TASK GOAL » Those lines of the data that hold the word "homogeneous" are to be copied out.
START RECORDED INFORMATION
lemma hom_f_vec [simp]: "a \<in> vec I \<Longrightarrow> f a \<in> vec I"
  using hom_f by simp

lemma hom_g_vec [simp]: "a \<in> vec I \<Longrightarrow> g a \<in> vec I"
  using hom_g by simp

lemma der_unit: "\<delta> u = (\<lambda>_. 0)"
proof -
  have "\<delta> u = \<delta> (M u u)"
    by simp
  also have "\<dots> = vadd (\<delta> u) (\<delta> u)"
    using der_mult[of u u] hom_f hom_g by simp
  finally show ?thesis
    by (simp add: vadd_def fun_eq_iff)
qed

text \<open>The twisted derivation \<delta> lifts to the derivation a \<otimes> b \<mapsto> (z \<mapsto> \<delta>(a) g(z b)) of the enveloping
  algebra into the bimodule above; evaluating an inner presentation of it at u gives back \<delta>.\<close>
definition env_der_fun :: "('i \<times> 'i \<Rightarrow> 'o) \<Rightarrow> ('i \<Rightarrow> 'o) \<Rightarrow> 'i \<Rightarrow> 'o" where
  "env_der_fun y z = vcomb (I \<times> I) y (\<lambda>p. M (\<delta> (bvec (fst p))) (g (M z (bvec (snd p)))))"

lemma vlinear_env_der_fun: "vlinear I (env_der_fun y)"
  unfolding env_der_fun_def vcomb_def
  by (intro vlinear_vsum vlinear_vsmult vlinear_comp[OF vlinear_sc_mult_right
      vlinear_comp[OF alg_hom_vlinear[OF hom_g] vlinear_sc_mult_left]])

lemma env_der_fun_vec[simp]: "env_der_fun y z \<in> vec I"
  by (simp add: env_der_fun_def vcomb_vec)

lemma env_der_fun_vadd: "env_der_fun (vadd x y) z = vadd (env_der_fun x z) (env_der_fun y z)"
  by (simp add: env_der_fun_def vcomb_vadd)

lemma env_der_fun_vsmult: "env_der_fun (vsmult a x) z = vsmult a (env_der_fun x z)"
  by (simp add: env_der_fun_def vcomb_vsmult)

lemma env_der_fun_vtensor:
  assumes "a \<in> vec I" and "b \<in> vec I"
  shows "env_der_fun (vtensor a b) z = M (\<delta> a) (g (M z b))"
  unfolding env_der_fun_def vcomb_vtensor fst_conv snd_conv
  using assms
  by (intro bilinear_eq_vsum_bvec[where \<Phi> = "\<lambda>x y. M (\<delta> x) (g (M z y))"]
      vlinear_comp[OF vlinear_sc_mult_left vlinear_der]
      vlinear_comp[OF vlinear_sc_mult_right
        vlinear_comp[OF alg_hom_vlinear[OF hom_g] vlinear_sc_mult_right]])
    simp_all

lemma env_der_fun_env_mult:
  assumes z: "z \<in> vec I"
  shows "env_der_fun (env_mult x y) z =
    vadd (env_act I c f g x (env_der_fun y z)) (env_der_fun x (env_act I c (\<lambda>w. w) (\<lambda>w. w) y z))"
proof -
  let ?b = "bvec :: 'i \<Rightarrow> 'i \<Rightarrow> 'o"
  have expand_lhs: "env_der_fun (env_mult x y) z =
      vsum (I \<times> I) (\<lambda>p. vsum (I \<times> I) (\<lambda>q. vsmult (x p * y q)
     (M (\<delta> (M (?b (fst p)) (?b (fst q)))) (g (M z (M (?b (snd q)) (?b (snd p))))))))"
    unfolding env_der_fun_def[of "env_mult x y"] vcomb_env_mult
    by (rule vsum_cong, rule vsum_cong) (auto simp: env_der_fun_vtensor[unfolded env_der_fun_def])
  have expand_twisted: "env_act I c f g x (env_der_fun y z) =
      vsum (I \<times> I) (\<lambda>p. vsum (I \<times> I) (\<lambda>q. vsmult (x p * y q)
     (M (M (f (?b (fst p))) (M (\<delta> (?b (fst q))) (g (M z (?b (snd q)))))) (g (?b (snd p))))))"
    by (simp add: env_act_def env_der_fun_def vcomb_def sc_mult_vsum_left sc_mult_vsum_right
        sc_mult_vsmult_left sc_mult_vsmult_right vsmult_vsum)
  have expand_untwisted: "env_der_fun x (env_act I c (\<lambda>w. w) (\<lambda>w. w) y z) =
      vsum (I \<times> I) (\<lambda>p. vsum (I \<times> I) (\<lambda>q. vsmult (x p * y q)
     (M (\<delta> (?b (fst p))) (g (M (M (M (?b (fst q)) z) (?b (snd q))) (?b (snd p)))))))"
    unfolding env_der_fun_def[of x] vcomb_def
  proof (rule vsum_cong)
    fix p :: "'i \<times> 'i"
    have "vlinear I (\<lambda>m. M (\<delta> (?b (fst p))) (g (M m (?b (snd p)))))"
      by (rule vlinear_comp[OF vlinear_sc_mult_right
          vlinear_comp[OF alg_hom_vlinear[OF hom_g] vlinear_sc_mult_left]])
    from vlinear_apply_vsum[OF this, of "I \<times> I" "\<lambda>q. M (M (?b (fst q)) z) (?b (snd q))" y]
    show "vsmult (x p) (M (\<delta> (?b (fst p))) (g (M (env_act I c (\<lambda>w. w) (\<lambda>w. w) y z) (?b (snd p))))) =
      vsum (I \<times> I) (\<lambda>q. vsmult (x p * y q)
        (M (\<delta> (?b (fst p))) (g (M (M (M (?b (fst q)) z) (?b (snd q))) (?b (snd p))))))"
      by (simp add: env_act_def vcomb_def vsmult_vsum)
  qed
  have leibniz_basis: "M (\<delta> (M (?b (fst p)) (?b (fst q)))) (g (M z (M (?b (snd q)) (?b (snd p))))) =
     vadd (M (M (f (?b (fst p))) (M (\<delta> (?b (fst q))) (g (M z (?b (snd q)))))) (g (?b (snd p))))
          (M (\<delta> (?b (fst p))) (g (M (M (M (?b (fst q)) z) (?b (snd q))) (?b (snd p)))))"
    if "p \<in> I \<times> I" "q \<in> I \<times> I" for p q
    using that z by (auto simp: der_mult sc_mult_vadd_left alg_hom_mult[OF hom_g])
  show ?thesis
    unfolding expand_lhs expand_twisted expand_untwisted vsum_vadd[symmetric] vsmult_vadd[symmetric]
    by (rule vsum_cong, rule vsum_cong) (simp add: leibniz_basis)
qed

definition env_der :: "('i \<times> 'i \<Rightarrow> 'o) \<Rightarrow> 'i \<times> 'i \<Rightarrow> 'o" where
  "env_der y = mat_of I (env_der_fun y)"

lemma env_der_is_derivation: "is_derivation (I \<times> I) (env_C c) (env_u u) (twisted_end f g) env_der"
proof -
  have additive: "env_der (vadd x y) = vadd (env_der x) (env_der y)" for x y
    unfolding env_der_def mat_of_vadd[symmetric] by (rule mat_of_cong) (rule env_der_fun_vadd)
  have homogeneous: "env_der (vsmult a x) =
      mat_of I (\<lambda>z. env_act I c f g (vsmult a (env_u u)) (mat_apply I (env_der x) z))" for a x
    unfolding env_der_def
    by (rule mat_of_cong) (simp add: env_der_fun_vsmult mat_apply_mat_of vlinear_env_der_fun
        env_act_vsmult_unit hom_f hom_g)
  have leibniz: "env_der (env_mult x y) =
      vadd (mat_of I (\<lambda>z. env_act I c f g x (mat_apply I (env_der y) z)))
        (mat_of I (\<lambda>z. mat_apply I (env_der x) (env_act I c (\<lambda>w. w) (\<lambda>w. w) y z)))" for x y
    unfolding env_der_def mat_of_vadd[symmetric]
    by (rule mat_of_cong) (simp add: env_der_fun_env_mult mat_apply_mat_of vlinear_env_der_fun)
  show ?thesis
    unfolding is_derivation_def twisted_end_def bimod.simps
    using additive homogeneous leibniz by (simp add: env_der_def)
qed

lemma inner_env_der_vtensor:
  assumes P: "P \<in> vec (I \<times> I)" and a: "a \<in> vec I" and b: "b \<in> vec I" and z: "z \<in> vec I"
    and inner: "bm_lact (twisted_end f g) (vtensor a b) P =
      bm_add (twisted_end f g)
        (bm_lact (twisted_end f g) (vsmult a0 (env_u u)) (env_der (vtensor a b)))
        (bm_ract (twisted_end f g) P (vtensor a b))"
  shows "M (M (f a) (mat_apply I P z)) (g b) =
    vadd (vsmult a0 (M (\<delta> a) (g (M z b)))) (mat_apply I P (M (M a z) b))"
proof -
  let ?E = "mat_apply I (env_der (vtensor a b))"
  have "mat_of I (\<lambda>z. env_act I c f g (vtensor a b) (mat_apply I P z)) =
      mat_of I (\<lambda>z. vadd (env_act I c f g (vsmult a0 (env_u u)) (?E z))
        (mat_apply I P (env_act I c (\<lambda>w. w) (\<lambda>w. w) (vtensor a b) z)))"
    using inner unfolding twisted_end_def bimod.simps mat_of_vadd .
  from mat_of_inj[OF finite_I _ _ this z] have "env_act I c f g (vtensor a b) (mat_apply I P z) =
      vadd (env_act I c f g (vsmult a0 (env_u u)) (?E z))
        (mat_apply I P (env_act I c (\<lambda>w. w) (\<lambda>w. w) (vtensor a b) z))"
    by (simp add: vlinear_comp[OF vlinear_env_act vlinear_mat_apply] vlinear_vadd
        vlinear_comp[OF vlinear_mat_apply vlinear_env_act])
  moreover have "?E z = M (\<delta> a) (g (M z b))"
    using z by (simp add: env_der_def mat_apply_mat_of vlinear_env_der_fun env_der_fun_vtensor a b)
  ultimately show ?thesis
    using a b z
    by (simp add: env_act_vtensor env_act_vsmult_unit alg_hom_vlinear vlinear_id hom_f hom_g)
qed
END RECORDED INFORMATION
RESULT FOR THIS TASK »
  have homogeneous: "env_der (vsmult a x) =
    using additive homogeneous leibniz by (simp add: env_der_def)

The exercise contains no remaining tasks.